* _Problem description_:
Give the lines below again exactly, starting with the line that holds "set \<Rightarrow> 'a \<Rightarrow> 'a" and going on through the line that holds "(\<exists>f. inj_on f".

+ + +

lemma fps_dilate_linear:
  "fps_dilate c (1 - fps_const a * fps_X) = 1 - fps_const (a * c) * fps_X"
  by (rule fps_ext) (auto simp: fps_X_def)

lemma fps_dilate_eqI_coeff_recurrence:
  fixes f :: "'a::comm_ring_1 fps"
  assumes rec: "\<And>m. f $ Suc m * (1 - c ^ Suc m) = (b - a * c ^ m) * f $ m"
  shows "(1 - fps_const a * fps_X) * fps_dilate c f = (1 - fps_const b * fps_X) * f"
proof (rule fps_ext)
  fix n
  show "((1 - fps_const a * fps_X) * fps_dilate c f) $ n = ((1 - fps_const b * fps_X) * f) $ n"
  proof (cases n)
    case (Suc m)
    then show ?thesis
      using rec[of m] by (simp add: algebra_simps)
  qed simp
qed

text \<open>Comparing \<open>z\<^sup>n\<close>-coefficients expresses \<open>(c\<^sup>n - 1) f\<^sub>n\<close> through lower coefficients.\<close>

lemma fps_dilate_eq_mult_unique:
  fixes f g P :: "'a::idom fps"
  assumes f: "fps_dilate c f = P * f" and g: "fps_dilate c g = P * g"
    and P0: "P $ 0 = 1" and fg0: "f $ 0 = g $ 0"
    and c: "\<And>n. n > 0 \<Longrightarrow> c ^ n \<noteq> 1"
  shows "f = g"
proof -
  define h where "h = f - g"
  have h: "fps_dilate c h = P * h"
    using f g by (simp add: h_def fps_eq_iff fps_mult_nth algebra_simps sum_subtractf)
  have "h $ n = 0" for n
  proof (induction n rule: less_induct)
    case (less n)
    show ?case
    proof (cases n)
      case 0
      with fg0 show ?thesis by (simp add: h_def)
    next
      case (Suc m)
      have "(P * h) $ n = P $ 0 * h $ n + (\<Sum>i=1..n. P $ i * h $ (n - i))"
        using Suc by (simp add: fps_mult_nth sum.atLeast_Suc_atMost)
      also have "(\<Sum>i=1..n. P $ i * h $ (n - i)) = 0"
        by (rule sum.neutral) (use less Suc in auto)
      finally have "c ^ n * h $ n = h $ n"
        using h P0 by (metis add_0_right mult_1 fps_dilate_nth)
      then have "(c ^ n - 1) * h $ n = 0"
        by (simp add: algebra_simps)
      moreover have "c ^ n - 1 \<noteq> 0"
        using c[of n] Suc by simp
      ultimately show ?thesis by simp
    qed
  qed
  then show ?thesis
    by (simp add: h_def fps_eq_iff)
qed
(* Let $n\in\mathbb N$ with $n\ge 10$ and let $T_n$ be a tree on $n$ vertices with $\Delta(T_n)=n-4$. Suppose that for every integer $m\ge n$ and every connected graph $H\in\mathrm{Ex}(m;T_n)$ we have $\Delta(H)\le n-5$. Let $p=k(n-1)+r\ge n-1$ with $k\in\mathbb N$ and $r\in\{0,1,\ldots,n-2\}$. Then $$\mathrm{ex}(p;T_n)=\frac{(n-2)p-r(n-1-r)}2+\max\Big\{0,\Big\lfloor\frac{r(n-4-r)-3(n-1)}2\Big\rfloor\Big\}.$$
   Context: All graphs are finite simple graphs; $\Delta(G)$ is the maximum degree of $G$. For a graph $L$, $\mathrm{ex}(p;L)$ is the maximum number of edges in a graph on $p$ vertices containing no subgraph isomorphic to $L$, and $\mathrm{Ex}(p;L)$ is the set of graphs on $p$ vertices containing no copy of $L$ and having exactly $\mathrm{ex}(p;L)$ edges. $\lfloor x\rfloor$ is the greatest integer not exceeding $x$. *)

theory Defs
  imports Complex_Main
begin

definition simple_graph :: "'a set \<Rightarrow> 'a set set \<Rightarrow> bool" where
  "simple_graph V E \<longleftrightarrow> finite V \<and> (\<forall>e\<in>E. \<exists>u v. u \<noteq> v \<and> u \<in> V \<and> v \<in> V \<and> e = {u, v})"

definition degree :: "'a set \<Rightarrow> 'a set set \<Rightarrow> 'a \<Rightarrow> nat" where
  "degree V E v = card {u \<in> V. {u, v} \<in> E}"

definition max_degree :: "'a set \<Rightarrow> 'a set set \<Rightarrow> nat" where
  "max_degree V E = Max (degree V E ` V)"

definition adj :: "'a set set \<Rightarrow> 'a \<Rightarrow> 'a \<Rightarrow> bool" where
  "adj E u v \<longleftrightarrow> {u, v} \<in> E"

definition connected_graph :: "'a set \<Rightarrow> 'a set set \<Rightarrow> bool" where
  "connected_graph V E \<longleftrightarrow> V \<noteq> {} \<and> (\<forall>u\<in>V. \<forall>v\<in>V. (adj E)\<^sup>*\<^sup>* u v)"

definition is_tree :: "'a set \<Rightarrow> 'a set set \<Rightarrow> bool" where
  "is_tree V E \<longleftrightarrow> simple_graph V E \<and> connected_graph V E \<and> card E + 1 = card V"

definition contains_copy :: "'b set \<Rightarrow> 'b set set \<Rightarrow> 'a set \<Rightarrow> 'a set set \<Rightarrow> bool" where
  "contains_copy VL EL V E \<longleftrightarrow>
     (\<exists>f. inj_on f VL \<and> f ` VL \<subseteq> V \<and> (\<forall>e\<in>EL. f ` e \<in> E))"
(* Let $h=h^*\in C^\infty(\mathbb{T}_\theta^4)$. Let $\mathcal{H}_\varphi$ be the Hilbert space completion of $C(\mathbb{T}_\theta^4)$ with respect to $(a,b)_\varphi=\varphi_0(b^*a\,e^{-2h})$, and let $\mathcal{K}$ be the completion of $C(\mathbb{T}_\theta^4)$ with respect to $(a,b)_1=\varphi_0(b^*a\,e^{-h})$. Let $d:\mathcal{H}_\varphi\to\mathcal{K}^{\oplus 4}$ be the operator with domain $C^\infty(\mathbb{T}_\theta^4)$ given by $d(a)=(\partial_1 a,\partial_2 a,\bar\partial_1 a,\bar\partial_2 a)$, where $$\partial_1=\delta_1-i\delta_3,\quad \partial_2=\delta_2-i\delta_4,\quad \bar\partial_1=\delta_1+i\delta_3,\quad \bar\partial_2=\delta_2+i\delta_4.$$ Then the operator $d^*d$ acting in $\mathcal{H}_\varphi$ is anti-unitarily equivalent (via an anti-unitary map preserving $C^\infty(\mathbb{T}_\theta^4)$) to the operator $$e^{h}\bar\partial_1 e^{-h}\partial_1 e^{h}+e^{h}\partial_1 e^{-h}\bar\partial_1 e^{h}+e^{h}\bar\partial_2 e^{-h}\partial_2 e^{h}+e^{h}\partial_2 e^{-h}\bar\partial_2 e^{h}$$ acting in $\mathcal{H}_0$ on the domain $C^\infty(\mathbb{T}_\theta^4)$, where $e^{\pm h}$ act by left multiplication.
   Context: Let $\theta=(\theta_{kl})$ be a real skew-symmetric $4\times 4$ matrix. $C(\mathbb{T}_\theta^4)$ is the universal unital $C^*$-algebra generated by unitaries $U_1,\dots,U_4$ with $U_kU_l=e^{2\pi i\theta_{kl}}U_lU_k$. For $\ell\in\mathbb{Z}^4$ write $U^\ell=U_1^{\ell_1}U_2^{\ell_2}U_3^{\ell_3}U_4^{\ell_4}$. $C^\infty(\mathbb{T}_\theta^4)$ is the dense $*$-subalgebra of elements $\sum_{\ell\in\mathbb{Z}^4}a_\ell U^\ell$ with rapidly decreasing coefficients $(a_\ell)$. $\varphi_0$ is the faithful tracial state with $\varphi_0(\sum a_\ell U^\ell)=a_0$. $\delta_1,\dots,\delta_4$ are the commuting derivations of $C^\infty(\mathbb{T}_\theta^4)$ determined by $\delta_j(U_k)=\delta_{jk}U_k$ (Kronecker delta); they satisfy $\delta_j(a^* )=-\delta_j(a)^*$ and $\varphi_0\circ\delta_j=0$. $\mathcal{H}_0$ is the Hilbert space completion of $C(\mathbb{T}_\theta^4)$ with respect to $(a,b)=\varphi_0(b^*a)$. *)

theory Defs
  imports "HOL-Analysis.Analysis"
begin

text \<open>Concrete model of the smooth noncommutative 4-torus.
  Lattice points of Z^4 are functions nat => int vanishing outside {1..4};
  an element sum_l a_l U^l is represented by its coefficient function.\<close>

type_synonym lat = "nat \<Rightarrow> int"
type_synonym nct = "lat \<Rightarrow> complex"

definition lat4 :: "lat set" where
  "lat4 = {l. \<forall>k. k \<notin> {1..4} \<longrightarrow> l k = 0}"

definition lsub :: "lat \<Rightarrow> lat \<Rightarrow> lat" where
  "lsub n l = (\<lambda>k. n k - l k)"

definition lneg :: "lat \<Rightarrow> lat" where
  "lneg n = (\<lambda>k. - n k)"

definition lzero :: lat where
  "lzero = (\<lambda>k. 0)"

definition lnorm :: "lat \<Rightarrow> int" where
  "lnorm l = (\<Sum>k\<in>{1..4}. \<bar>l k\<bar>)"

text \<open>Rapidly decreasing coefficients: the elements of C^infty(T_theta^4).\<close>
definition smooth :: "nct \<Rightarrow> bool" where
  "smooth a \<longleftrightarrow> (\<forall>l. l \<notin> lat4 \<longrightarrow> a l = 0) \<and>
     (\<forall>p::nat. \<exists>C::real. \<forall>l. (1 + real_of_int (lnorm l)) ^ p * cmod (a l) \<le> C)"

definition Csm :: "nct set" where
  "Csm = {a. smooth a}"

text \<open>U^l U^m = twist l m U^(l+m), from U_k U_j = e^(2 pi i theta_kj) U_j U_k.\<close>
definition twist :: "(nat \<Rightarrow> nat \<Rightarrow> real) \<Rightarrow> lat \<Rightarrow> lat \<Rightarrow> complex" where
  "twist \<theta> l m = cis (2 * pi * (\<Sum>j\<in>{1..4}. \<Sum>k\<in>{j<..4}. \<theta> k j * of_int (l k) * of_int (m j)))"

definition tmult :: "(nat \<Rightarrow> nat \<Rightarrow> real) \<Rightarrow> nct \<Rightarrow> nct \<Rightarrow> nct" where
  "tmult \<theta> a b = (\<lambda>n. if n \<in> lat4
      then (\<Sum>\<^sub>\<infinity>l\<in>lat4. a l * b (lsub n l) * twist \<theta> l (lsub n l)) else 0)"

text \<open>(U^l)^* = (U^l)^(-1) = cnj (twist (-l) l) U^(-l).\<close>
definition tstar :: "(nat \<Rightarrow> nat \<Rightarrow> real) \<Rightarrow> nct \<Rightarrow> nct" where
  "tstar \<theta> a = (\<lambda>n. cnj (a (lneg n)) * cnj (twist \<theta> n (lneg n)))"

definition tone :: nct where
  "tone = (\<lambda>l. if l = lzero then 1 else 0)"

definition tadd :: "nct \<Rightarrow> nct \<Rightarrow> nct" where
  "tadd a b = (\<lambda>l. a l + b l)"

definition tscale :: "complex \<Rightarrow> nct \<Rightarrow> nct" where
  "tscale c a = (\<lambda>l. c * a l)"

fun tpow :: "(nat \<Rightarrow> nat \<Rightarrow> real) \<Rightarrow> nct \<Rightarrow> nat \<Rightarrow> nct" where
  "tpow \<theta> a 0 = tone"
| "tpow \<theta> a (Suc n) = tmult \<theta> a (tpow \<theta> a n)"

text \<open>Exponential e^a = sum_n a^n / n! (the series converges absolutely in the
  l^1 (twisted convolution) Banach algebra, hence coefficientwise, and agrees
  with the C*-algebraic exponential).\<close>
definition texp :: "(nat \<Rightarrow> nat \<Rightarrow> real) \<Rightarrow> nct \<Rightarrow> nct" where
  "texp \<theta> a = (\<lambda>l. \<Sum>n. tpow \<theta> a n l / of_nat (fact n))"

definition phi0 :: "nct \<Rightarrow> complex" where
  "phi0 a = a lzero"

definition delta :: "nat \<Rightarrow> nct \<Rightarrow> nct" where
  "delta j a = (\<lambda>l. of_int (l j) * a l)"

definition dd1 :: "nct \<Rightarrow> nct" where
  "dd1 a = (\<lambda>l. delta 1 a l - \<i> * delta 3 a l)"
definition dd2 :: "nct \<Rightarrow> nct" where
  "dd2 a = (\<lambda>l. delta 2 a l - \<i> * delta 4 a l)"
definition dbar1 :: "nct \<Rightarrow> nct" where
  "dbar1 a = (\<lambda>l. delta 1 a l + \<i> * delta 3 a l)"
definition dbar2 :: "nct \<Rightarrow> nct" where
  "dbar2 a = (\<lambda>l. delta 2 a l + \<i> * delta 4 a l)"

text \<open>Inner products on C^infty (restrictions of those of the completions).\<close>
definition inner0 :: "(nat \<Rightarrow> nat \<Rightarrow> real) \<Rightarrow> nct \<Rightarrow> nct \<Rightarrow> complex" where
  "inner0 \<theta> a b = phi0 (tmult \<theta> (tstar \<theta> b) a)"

+ + +

* _Expected answer_:
definition adj :: "'a set set \<Rightarrow> 'a \<Rightarrow> 'a \<Rightarrow> bool" where
  "adj E u v \<longleftrightarrow> {u, v} \<in> E"

definition connected_graph :: "'a set \<Rightarrow> 'a set set \<Rightarrow> bool" where
  "connected_graph V E \<longleftrightarrow> V \<noteq> {} \<and> (\<forall>u\<in>V. \<forall>v\<in>V. (adj E)\<^sup>*\<^sup>* u v)"

definition is_tree :: "'a set \<Rightarrow> 'a set set \<Rightarrow> bool" where
  "is_tree V E \<longleftrightarrow> simple_graph V E \<and> connected_graph V E \<and> card E + 1 = card V"

definition contains_copy :: "'b set \<Rightarrow> 'b set set \<Rightarrow> 'a set \<Rightarrow> 'a set set \<Rightarrow> bool" where
  "contains_copy VL EL V E \<longleftrightarrow>
     (\<exists>f. inj_on f VL \<and> f ` VL \<subseteq> V \<and> (\<forall>e\<in>EL. f ` e \<in> E))"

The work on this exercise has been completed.